§ **What is needed**:
Would you please return the lines of the entries below starting at the line that has "ultimately show ?thesis by simp" and ending at the line that has "finally show ?thesis", both included, exactly as they are?

§ **Material to process**:
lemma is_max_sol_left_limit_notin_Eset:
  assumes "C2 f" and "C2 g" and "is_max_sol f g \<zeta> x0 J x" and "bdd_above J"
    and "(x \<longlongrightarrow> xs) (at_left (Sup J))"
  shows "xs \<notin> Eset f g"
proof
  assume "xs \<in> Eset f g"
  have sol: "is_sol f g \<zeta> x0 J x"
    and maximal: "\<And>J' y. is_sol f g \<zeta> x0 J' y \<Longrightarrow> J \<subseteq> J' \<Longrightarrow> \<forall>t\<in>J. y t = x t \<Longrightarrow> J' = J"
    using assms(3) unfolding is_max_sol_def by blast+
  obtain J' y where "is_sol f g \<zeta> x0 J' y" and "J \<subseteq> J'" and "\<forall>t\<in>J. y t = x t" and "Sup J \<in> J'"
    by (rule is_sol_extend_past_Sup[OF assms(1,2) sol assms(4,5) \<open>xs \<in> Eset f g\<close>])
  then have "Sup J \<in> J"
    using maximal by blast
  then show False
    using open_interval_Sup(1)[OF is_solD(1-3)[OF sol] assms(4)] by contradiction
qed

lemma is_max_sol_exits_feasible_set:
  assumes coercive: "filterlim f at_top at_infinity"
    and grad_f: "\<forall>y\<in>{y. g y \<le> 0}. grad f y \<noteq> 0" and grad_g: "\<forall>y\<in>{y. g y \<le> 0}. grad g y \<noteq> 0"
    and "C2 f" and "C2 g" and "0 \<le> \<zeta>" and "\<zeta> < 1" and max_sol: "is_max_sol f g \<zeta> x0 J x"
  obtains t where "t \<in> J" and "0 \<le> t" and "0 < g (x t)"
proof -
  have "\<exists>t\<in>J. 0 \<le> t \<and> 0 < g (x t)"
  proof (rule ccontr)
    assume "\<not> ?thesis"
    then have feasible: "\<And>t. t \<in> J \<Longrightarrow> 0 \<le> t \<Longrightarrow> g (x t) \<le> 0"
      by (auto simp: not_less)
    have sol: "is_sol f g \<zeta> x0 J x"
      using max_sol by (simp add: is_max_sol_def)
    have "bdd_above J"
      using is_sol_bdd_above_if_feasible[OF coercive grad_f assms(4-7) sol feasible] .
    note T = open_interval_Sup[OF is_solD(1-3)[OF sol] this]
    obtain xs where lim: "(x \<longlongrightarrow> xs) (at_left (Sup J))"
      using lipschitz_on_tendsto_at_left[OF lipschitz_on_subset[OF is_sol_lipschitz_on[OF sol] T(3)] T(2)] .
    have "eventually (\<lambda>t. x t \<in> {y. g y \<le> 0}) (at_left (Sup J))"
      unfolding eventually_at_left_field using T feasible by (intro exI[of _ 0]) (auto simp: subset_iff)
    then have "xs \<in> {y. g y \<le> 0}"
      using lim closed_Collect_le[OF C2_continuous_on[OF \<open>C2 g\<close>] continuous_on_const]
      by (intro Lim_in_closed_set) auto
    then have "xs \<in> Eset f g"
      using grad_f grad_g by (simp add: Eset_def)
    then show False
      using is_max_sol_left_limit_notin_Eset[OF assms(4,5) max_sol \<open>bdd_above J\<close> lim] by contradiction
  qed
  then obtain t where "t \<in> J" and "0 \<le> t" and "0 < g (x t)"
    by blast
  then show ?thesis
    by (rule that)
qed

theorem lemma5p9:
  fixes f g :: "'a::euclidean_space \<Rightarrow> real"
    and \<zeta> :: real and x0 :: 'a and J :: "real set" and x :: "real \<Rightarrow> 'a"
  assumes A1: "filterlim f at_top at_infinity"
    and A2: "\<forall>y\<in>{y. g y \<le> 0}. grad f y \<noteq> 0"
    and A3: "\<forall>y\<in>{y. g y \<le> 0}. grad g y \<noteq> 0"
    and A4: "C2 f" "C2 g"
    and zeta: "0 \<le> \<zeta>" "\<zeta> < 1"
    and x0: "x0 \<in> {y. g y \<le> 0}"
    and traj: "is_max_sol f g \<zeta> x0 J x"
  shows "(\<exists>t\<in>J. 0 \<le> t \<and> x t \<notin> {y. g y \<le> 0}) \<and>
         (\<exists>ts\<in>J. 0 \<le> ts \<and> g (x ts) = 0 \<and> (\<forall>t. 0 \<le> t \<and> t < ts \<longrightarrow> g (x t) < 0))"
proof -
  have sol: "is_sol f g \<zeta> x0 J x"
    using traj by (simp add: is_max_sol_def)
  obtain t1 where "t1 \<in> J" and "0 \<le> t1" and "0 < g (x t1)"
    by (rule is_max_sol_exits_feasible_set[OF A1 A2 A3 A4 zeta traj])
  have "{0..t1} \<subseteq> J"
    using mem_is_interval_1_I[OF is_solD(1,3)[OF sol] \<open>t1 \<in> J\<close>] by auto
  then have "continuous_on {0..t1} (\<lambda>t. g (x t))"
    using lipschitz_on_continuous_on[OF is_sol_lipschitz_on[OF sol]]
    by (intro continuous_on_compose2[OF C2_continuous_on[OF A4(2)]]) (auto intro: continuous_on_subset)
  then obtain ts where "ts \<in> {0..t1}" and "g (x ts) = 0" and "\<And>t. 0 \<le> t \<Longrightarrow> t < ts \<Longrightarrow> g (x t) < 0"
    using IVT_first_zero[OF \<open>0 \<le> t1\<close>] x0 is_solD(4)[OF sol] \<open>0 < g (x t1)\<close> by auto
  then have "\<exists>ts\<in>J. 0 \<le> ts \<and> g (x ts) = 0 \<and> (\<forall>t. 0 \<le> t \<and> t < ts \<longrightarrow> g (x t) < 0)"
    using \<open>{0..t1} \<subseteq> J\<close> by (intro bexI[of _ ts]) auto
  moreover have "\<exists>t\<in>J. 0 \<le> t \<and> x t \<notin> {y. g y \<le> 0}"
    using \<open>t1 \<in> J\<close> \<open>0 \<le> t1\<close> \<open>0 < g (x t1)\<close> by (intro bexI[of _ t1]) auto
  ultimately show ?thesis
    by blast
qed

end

* * *

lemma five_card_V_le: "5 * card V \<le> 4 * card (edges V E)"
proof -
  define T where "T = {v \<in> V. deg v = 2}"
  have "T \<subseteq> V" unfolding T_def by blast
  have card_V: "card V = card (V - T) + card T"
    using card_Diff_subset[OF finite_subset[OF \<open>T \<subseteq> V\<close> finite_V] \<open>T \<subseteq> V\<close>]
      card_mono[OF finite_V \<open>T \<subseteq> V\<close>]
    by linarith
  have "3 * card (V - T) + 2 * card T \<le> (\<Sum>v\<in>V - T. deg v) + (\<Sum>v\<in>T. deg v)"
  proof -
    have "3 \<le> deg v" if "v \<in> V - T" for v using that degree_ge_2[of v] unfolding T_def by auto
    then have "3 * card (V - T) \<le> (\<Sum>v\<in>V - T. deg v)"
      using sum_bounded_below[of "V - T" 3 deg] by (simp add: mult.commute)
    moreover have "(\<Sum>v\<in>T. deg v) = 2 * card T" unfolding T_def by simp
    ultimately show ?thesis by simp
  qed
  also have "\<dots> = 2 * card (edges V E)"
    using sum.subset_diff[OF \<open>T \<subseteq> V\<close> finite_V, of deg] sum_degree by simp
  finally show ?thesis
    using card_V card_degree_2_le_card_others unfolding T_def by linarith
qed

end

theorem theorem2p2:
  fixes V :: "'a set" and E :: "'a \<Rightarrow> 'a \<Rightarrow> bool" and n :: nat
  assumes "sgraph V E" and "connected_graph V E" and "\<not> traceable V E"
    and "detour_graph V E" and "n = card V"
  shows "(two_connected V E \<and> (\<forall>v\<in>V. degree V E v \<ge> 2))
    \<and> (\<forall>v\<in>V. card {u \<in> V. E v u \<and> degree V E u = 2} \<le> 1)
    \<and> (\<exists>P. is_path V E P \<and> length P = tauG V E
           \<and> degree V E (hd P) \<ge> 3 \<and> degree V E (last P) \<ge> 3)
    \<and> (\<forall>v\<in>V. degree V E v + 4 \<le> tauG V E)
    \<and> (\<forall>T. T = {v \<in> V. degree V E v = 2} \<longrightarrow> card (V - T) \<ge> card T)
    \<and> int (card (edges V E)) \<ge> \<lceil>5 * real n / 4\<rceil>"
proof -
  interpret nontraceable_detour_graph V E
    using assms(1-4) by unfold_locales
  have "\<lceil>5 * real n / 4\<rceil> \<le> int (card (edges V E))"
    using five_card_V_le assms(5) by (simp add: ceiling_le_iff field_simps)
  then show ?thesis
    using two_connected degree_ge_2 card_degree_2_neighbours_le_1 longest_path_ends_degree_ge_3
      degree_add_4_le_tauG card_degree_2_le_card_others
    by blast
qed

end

§ **Reply**:
    ultimately show ?thesis by simp
  qed
  also have "\<dots> = 2 * card (edges V E)"
    using sum.subset_diff[OF \<open>T \<subseteq> V\<close> finite_V, of deg] sum_degree by simp
  finally show ?thesis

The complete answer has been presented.